Records drawn from a dataset:
section \<open>The \<open>E\<^sub>1\<^sub>,\<^sub>0\<close>-property\<close>

lemma E10_propertyD:
  assumes "E10_property TYPE('a::metric_space)" "open \<Omega>" "\<Omega> \<noteq> {}" "\<Omega> \<noteq> (UNIV :: 'a set)"
  obtains u where "continuous_on (closure \<Omega>) u" "\<And>x. x \<in> \<Omega> \<Longrightarrow> local_slope (closure \<Omega>) u x = 1"
    "\<And>x. x \<in> frontier \<Omega> \<Longrightarrow> u x = 0"
proof -
  have "\<exists>u. continuous_on (closure \<Omega>) u \<and> (\<forall>x\<in>\<Omega>. local_slope (closure \<Omega>) u x = 1) \<and>
      (\<forall>x\<in>frontier \<Omega>. u x = 0)"
    using assms unfolding E10_property_def by simp
  then show thesis
    using that by blast
qed

lemma E10_property_islimpt:
  assumes "E10_property TYPE('a::metric_space)" "UNIV \<noteq> {z::'a}"
  shows "z islimpt UNIV"
proof (rule ccontr)
  assume "\<not> z islimpt UNIV"
  then have "open {z}"
    by (simp add: islimpt_UNIV_iff)
  then obtain u where "local_slope (closure {z}) u z = 1"
    using E10_propertyD[OF assms(1)] assms(2) by (metis insert_not_empty singletonI)
  moreover have "at z within closure {z} = bot"
    by (simp add: at_within_eq_bot_iff)
  ultimately show False
    by (simp add: local_slope_def)
qed

lemma E10_property_unit_slope_function:
  assumes "E10_property TYPE('a::metric_space)" "UNIV \<noteq> {x::'a}"
  shows "\<exists>u. continuous_on UNIV u \<and> u x = 0 \<and> (\<forall>b. b \<noteq> x \<longrightarrow> local_slope UNIV u b = 1)"
proof -
  have "x islimpt - {x}"
    using E10_property_islimpt[OF assms] islimpt_punctured[of x UNIV] by (simp add: Compl_eq_Diff_UNIV)
  then have closure: "closure (- {x}) = UNIV"
    by (auto simp: closure_def)
  then have frontier: "frontier (- {x}) = {x}"
    by (auto simp: frontier_def interior_open open_Compl)
  have "- {x} \<noteq> {}" "- {x} \<noteq> UNIV"
    using assms(2) by auto
  then obtain u where "continuous_on (closure (- {x})) u"
    "\<And>b. b \<in> - {x} \<Longrightarrow> local_slope (closure (- {x})) u b = 1" "\<And>b. b \<in> frontier (- {x}) \<Longrightarrow> u b = 0"
    using E10_propertyD[OF assms(1) open_Compl[OF closed_singleton]] by metis
  then show ?thesis
    unfolding closure frontier by auto
qed

lemma E10_property_intrinsic_dist_bound:
  fixes x :: "'a::metric_space"
  assumes "compact (UNIV :: 'a set)" "E10_property TYPE('a)"
  shows "\<exists>u. continuous_on UNIV u \<and> u x = 0 \<and> (\<forall>a b. intrinsic_dist a b \<le> ereal (2 * (u a + u b)))"
proof (cases "UNIV = {x}")
  case True
  then have "intrinsic_dist a b = 0" for a b :: 'a
    using intrinsic_dist_self[of x] by (metis UNIV_I singletonD)
  then show ?thesis
    by (intro exI[of _ "\<lambda>_. 0"]) (simp add: zero_ereal_def)
next
  case False
  then obtain u where u: "continuous_on UNIV u" "u x = 0" "\<And>b. b \<noteq> x \<Longrightarrow> local_slope UNIV u b = 1"
    using E10_property_unit_slope_function[OF assms(2)] by blast
  then have "intrinsic_dist a b \<le> ereal (2 * (u a + u b))" for a b
    using intrinsic_dist_le_of_local_slope_ge_one[OF assms(1)] by simp
  with u(1,2) show ?thesis
    by blast
qed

WORK REQUEST: Say the number of lines in the records above that include the string "then", and no more.

EXERCISE SOLUTION: 11